2. The method for preparing medical-grade glycolide-lactide copolymer according to claim 1, characterized in that, The length-to-diameter ratio (L / D) of the twin-screw extruder is (40-60):

1.

3. The method for preparing medical-grade glycolide-lactide copolymer according to claim 1 or 2, characterized in that, The feeding speed of the twin-screw extruder is controlled at 3-5 kg / h, and the screw speed is controlled at 120-150 rpm.

4. The method for preparing the medical-grade glycolide-lactide copolymer according to any one of claims 1-3, characterized in that, The twin-screw extruder includes a barrel and a screw assembly. The screw assembly is installed in the barrel and includes a screw, at least one kneading block, and at least one reverse mixing element. The kneading block and the reverse mixing element are detachably mounted on the screw and are spaced apart along the length of the barrel.

5. The method for preparing medical-grade glycolide-lactide copolymer according to claim 4, characterized in that, The number of each of the kneading block and the reverse mixing element is independently 1-3.

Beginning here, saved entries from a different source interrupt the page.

(* Let $f\in F_0(G)$ and let $r\in\mathbb Z_+$ satisfy $r\ge \|f\|_1/(Md)$. Conditional on $f_0=f$, for every $n\in\mathbb Z_+$ and $t\ge 0$, $$\xi_n\succ\tilde\xi_n(Md,r),\qquad \tau_n=\sum_{k=1}^n\xi_k\succ\sum_{k=1}^n\tilde\xi_k(Md,r)=\tilde\tau_n(Md,r),\qquad \tilde\eta_t(Md,r)\succ\eta_t .$$
   Context: A graph is a quadruple $G=(V,E,K,m)$: $V$ is a finite or countable set of nodes, which are elements of a real Hilbert space $\mathcal H$ with inner product "$\cdot$" and norm $|\cdot|$; $E$ is a set of undirected edges (at most one edge between any two distinct nodes, no self-loops); the edge between $x$ and $y$ is written $\langle x,y\rangle=\langle y,x\rangle$, and $y\sim x$ means this edge exists; $K=(k_{xy})_{x,y\in V}$ with $k_{xy}=k_{yx}\ge0$ and $k_{xy}=0$ if there is no edge; $m=(m_x)_{x\in V}$ with $m_x>0$. Let $e_{xy}=(y-x)/|y-x|$. Assume $d_0=\sup_{x\in V}\#\{y:y\sim x\}<\infty$, set $d=\max\{d_0,2\}$, and assume $M=\max\{\sup_{x\in V}m_x^{-1},\sup_{\langle x,y\rangle\in E}k_{xy}\}<\infty$. $V=V_0\cup V_1$ is a fixed partition into disjoint sets. $F(G)$ is the set of functions $f$ assigning a real number $f(x)$ to each $x\in V$ and a vector $f(\langle x,y\rangle)\in\mathcal H$ that is a real multiple of $y-x$ to each edge. For $1\le\alpha<\infty$, $\|f\|_\alpha=\big(\sum_{x\in V}|f(x)|^\alpha/m_x+\sum_{\langle x,y\rangle\in E}k_{xy}|f(\langle x,y\rangle)|^\alpha\big)^{1/\alpha}$, and $\|f\|_\infty=\max\{\sup_x|f(x)|,\sup_{\langle x,y\rangle}|f(\langle x,y\rangle)|\}$. $F_0(G)$ is the set of $f\in F(G)$ with finitely many nonzero values such that $|f(x)|\in\mathbb Z$ and $|f(\langle x,y\rangle)|\in\mathbb Z$ for all nodes and edges. The interacting particle system (IPS) $(f_t)_{t\ge0}$ is the continuous-time Markov jump process on $F_0(G)$ with the following transitions from state $f$: (i) for each $x\in V$, at rate $|f(x)|/m_x$, for every $y\sim x$ the edge value $f(\langle x,y\rangle)$ is replaced by $f(\langle x,y\rangle)+\mathrm{sgn}(f(x))\,e_{yx}$ (all other values unchanged); (ii) for each edge $\langle x,y\rangle$, at rate $k_{xy}|f(\langle x,y\rangle)|$, with $s=\mathrm{sgn}(f(\langle x,y\rangle)\cdot e_{xy})$, the value $f(x)$ is replaced by $f(x)+s$ if $x\in V_0$ and $f(y)$ by $f(y)-s$ if $y\in V_0$ (values at nodes of $V_1$ never change; this rule is symmetric in $x,y$). $P_f,\mathbb E_f$ denote probability and expectation given $f_0=f$. $\tau_0=0$, $\tau_n$ is the time of the $n$-th jump, $\xi_n=\tau_n-\tau_{n-1}$, $h_n=f_{\tau_n}$, and $\eta_t=\sup\{n:\tau_n\le t\}$. For $[0,\infty)$-valued random variables, $X\succ Y$ means $P(X>t)\ge P(Y>t)$ for all $t\ge0$. The Yule process with parameters $\lambda>0$, $r\in\mathbb Z_+$ is the pure birth process started at $r$ that jumps from $n$ to $n+1$ at rate $n\lambda$; $\tilde\tau_n(\lambda,r)$ is the time of its $n$-th jump ($\tilde\tau_0=0$), $\tilde\xi_n(\lambda,r)=\tilde\tau_n(\lambda,r)-\tilde\tau_{n-1}(\lambda,r)$ (so the $\tilde\xi_n$ are independent, $\tilde\xi_n(\lambda,r)$ exponential with rate $(n+r-1)\lambda$), and $\tilde\eta_t(\lambda,r)=\sup\{n:\tilde\tau_n(\lambda,r)\le t\}$. *)

theory Defs
  imports "HOL-Probability.Probability"
begin

text \<open>Configurations: a value at each node and a vector at each (unordered) edge.
  Edges are represented as two-element sets {x,y} of nodes.\<close>
type_synonym 'a cfg = "('a \<Rightarrow> real) \<times> ('a set \<Rightarrow> 'a)"

definition ue :: "'a::real_inner \<Rightarrow> 'a \<Rightarrow> 'a" where
  "ue x y = (1 / norm (y - x)) *\<^sub>R (y - x)"

definition nbrs :: "'a set set \<Rightarrow> 'a \<Rightarrow> 'a set" where
  "nbrs E x = {y. {x, y} \<in> E}"

definition other :: "'a set \<Rightarrow> 'a \<Rightarrow> 'a" where
  "other e z = the_elem (e - {z})"

definition dd :: "'a set \<Rightarrow> 'a set set \<Rightarrow> nat" where
  "dd V E = max (Sup ((\<lambda>x. card (nbrs E x)) ` V)) 2"

definition MM :: "'a set \<Rightarrow> 'a set set \<Rightarrow> ('a set \<Rightarrow> real) \<Rightarrow> ('a \<Rightarrow> real) \<Rightarrow> real" where
  "MM V E k m = Sup ((\<lambda>x. 1 / m x) ` V \<union> k ` E)"

definition F0 :: "'a::real_inner set \<Rightarrow> 'a set set \<Rightarrow> 'a cfg set" where
  "F0 V E = {g. (\<forall>x. x \<notin> V \<longrightarrow> fst g x = 0) \<and> (\<forall>e. e \<notin> E \<longrightarrow> snd g e = 0)
      \<and> finite {x. fst g x \<noteq> 0} \<and> finite {e. snd g e \<noteq> 0}
      \<and> (\<forall>x. \<bar>fst g x\<bar> \<in> \<int>)
      \<and> (\<forall>e\<in>E. norm (snd g e) \<in> \<int> \<and> (\<forall>x y. e = {x, y} \<longrightarrow> (\<exists>c::real. snd g e = c *\<^sub>R (y - x))))}"

definition norm1 :: "'a set \<Rightarrow> 'a set set \<Rightarrow> ('a set \<Rightarrow> real) \<Rightarrow> ('a \<Rightarrow> real) \<Rightarrow> 'a::real_normed_vector cfg \<Rightarrow> real" where
  "norm1 V E k m g = (\<Sum>x\<in>{x\<in>V. fst g x \<noteq> 0}. \<bar>fst g x\<bar> / m x)
                   + (\<Sum>e\<in>{e\<in>E. snd g e \<noteq> 0}. k e * norm (snd g e))"

definition node_step :: "'a set set \<Rightarrow> 'a::real_inner cfg \<Rightarrow> 'a \<Rightarrow> 'a cfg" where
  "node_step E g x = (fst g, \<lambda>e. if e \<in> E \<and> x \<in> e
       then snd g e + sgn (fst g x) *\<^sub>R ue (other e x) x else snd g e)"

text \<open>Transition (ii): edge e = {x,y} fires; an endpoint z in V0 with other endpoint w
  gets sgn(f(e) . e_{zw}) added (this is +s at x and -s at y).\<close>
definition edge_step :: "'a set \<Rightarrow> 'a::real_inner cfg \<Rightarrow> 'a set \<Rightarrow> 'a cfg" where
  "edge_step V0 g e = (\<lambda>z. if z \<in> e \<and> z \<in> V0
       then fst g z + sgn (snd g e \<bullet> ue z (other e z)) else fst g z, snd g)"

definition Qrate :: "'a set \<Rightarrow> 'a set set \<Rightarrow> ('a set \<Rightarrow> real) \<Rightarrow> ('a \<Rightarrow> real) \<Rightarrow> 'a set
    \<Rightarrow> 'a::real_inner cfg \<Rightarrow> 'a cfg \<Rightarrow> real" where
  "Qrate V E k m V0 g g' =
     (\<Sum>x\<in>{x\<in>V. fst g x \<noteq> 0 \<and> node_step E g x = g'}. \<bar>fst g x\<bar> / m x)
   + (\<Sum>e\<in>{e\<in>E. snd g e \<noteq> 0 \<and> edge_step V0 g e = g'}. k e * norm (snd g e))"

definition qrate :: "'a set \<Rightarrow> 'a set set \<Rightarrow> ('a set \<Rightarrow> real) \<Rightarrow> ('a \<Rightarrow> real) \<Rightarrow> 'a set
    \<Rightarrow> 'a::real_inner cfg \<Rightarrow> real" where
  "qrate V E k m V0 g =
     (\<Sum>x\<in>{x\<in>V. fst g x \<noteq> 0 \<and> node_step E g x \<noteq> g}. \<bar>fst g x\<bar> / m x)
   + (\<Sum>e\<in>{e\<in>E. snd g e \<noteq> 0 \<and> edge_step V0 g e \<noteq> g}. k e * norm (snd g e))"

definition jprob :: "'a set \<Rightarrow> 'a set set \<Rightarrow> ('a set \<Rightarrow> real) \<Rightarrow> ('a \<Rightarrow> real) \<Rightarrow> 'a set
    \<Rightarrow> 'a::real_inner cfg \<Rightarrow> 'a cfg \<Rightarrow> real" where
  "jprob V E k m V0 g g' =
     (if qrate V E k m V0 g = 0 then (if g' = g then 1 else 0)
      else if g' = g then 0 else Qrate V E k m V0 g g' / qrate V E k m V0 g)"
lemma congr_prepend:
  assumes "congr p q" "is_path (l, u)" "path_tgt tgt (l, u) = fst p"
  shows "congr (l, u @ snd p) (l, u @ snd q)"
proof -
  have "fst q = fst p \<and> congr (l, u @ snd p) (l, u @ snd q)"
    using assms(1) unfolding sc_cong_def
  proof (induction rule: equivclp_induct)
    case (step y z)
    then have "fst z = fst p"
      using step_invariants by metis
    moreover have "equivclp step (l, u @ snd y) (l, u @ snd z)"
      using step step_prepend[OF _ assms(2)] assms(3) calculation
      by (metis converse_r_into_equivclp r_into_equivclp)
    ultimately show ?case
      using step.IH equivclp_trans by metis
  qed simp
  then show ?thesis
    by (simp add: sc_cong_def)
qed

lemma congr_Cons:
  assumes "congr (tgt x, w) (tgt x, w')" "x \<in> A" "src x = l" "l \<in> L"
  shows "congr (l, x # w) (l, x # w')"
  using congr_prepend[OF assms(1), of l "[x]"] assms src_tgt_in_L by (simp add: path_tgt_Cons)
section \<open>Positivity pattern of tensor powers\<close>

lemma sum_pos_iff_ex_pos:
  fixes f :: "'a \<Rightarrow> 'b::ordered_comm_monoid_add"
  assumes "finite S" "\<And>x. x \<in> S \<Longrightarrow> 0 \<le> f x"
  shows "0 < sum f S \<longleftrightarrow> (\<exists>x\<in>S. 0 < f x)"
  using assms by (auto simp: less_le sum_nonneg sum_nonneg_eq_0_iff)

lemma prod_pos_iff_all_pos:
  fixes f :: "'a \<Rightarrow> 'b::linordered_idom"
  assumes "finite S" "\<And>x. x \<in> S \<Longrightarrow> 0 \<le> f x"
  shows "0 < prod f S \<longleftrightarrow> (\<forall>x\<in>S. 0 < f x)"
  using assms by (auto simp: less_le prod_nonneg)

lemma tpow_nonneg:
  assumes "\<And>xs. 0 \<le> A xs"
  shows "0 \<le> tpow n m A t xs"
  using assms
  by (induction n m A t arbitrary: xs rule: tpow.induct)
     (auto simp: tprod_def split: list.split intro!: sum_nonneg prod_nonneg mult_nonneg_nonneg)

lemma take_drop_replicate_block:
  assumes "l < k"
  shows "take P (drop (l * P) (replicate (k * P) x)) = replicate P x"
proof -
  have "P \<le> (k - l) * P"
    using assms by (simp add: Suc_leI)
  then show ?thesis by (simp add: min_def diff_mult_distrib)
qed

lemma majm_tpow_Suc:
  assumes "1 \<le> t"
  shows "majm ((m - 1) ^ Suc t + 1) (tpow n m A (Suc t)) u j =
    (\<Sum>js | length js = m - 1 \<and> set js \<subseteq> {1..n}.
       A (u # js) * (\<Prod>l<m - 1. majm ((m - 1) ^ t + 1) (tpow n m A t) (js ! l) j))"
proof -
  obtain t' where "t = Suc t'" using assms by (cases t) auto
  then show ?thesis
    unfolding majm_def
    by (simp add: tprod_def take_drop_replicate_block del: take_replicate drop_replicate)
qed

lemma Sset_1: "Sset n m A 1 j = {u \<in> {1..n}. 0 < A (u # replicate (m - 1) j)}"
  by (simp add: Sset_def majm_def)

definition Sstep :: "nat \<Rightarrow> nat \<Rightarrow> tensor \<Rightarrow> nat set \<Rightarrow> nat set" where
  "Sstep n m A S = {u \<in> {1..n}. \<exists>js. length js = m - 1 \<and> set js \<subseteq> S \<and> 0 < A (u # js)}"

6. The method for preparing the medical-grade glycolide-lactide copolymer according to any one of claims 1-5, characterized in that, The molar ratio of lactide to glycolide is (50-85):(15-50).

7. The method for preparing the medical-grade glycolide-lactide copolymer according to any one of claims 1-6, characterized in that, The initiator is selected from one or more of dodecyl alcohol, butanol, lactic acid, and glycolic acid; preferably, the amount of the initiator is 0.1-1% of the sum of the masses of the lactide and the glycolide; And / or, the catalyst is selected from one or more of stannous octoate, tri-n-butylmethoxytin, and dioctyltin dilaurate; preferably, the amount of the catalyst is 0.01-0.1% of the sum of the masses of the lactide and the glycolide.

8. The method for preparing the medical-grade glycolide-lactide copolymer according to any one of claims 1-7, characterized in that, After the extrusion polymerization reaction, the reaction product is subjected to devolatilization treatment under a vacuum of -0.09 MPa to -0.1 MPa.

9. A medical-grade glycolide-lactide copolymer, characterized in that, It is prepared by the preparation method according to any one of claims 1-8.

10. The medical-grade glycolide-lactide copolymer according to claim 9, characterized in that, The medical-grade glycolide-lactide copolymer has a number-average molecular weight of 40-100 kDa, a molecular weight distribution coefficient of less than 1.8, a lactide monomer residue of less than 0.3%, and a glycolide monomer residue of less than 0.5%.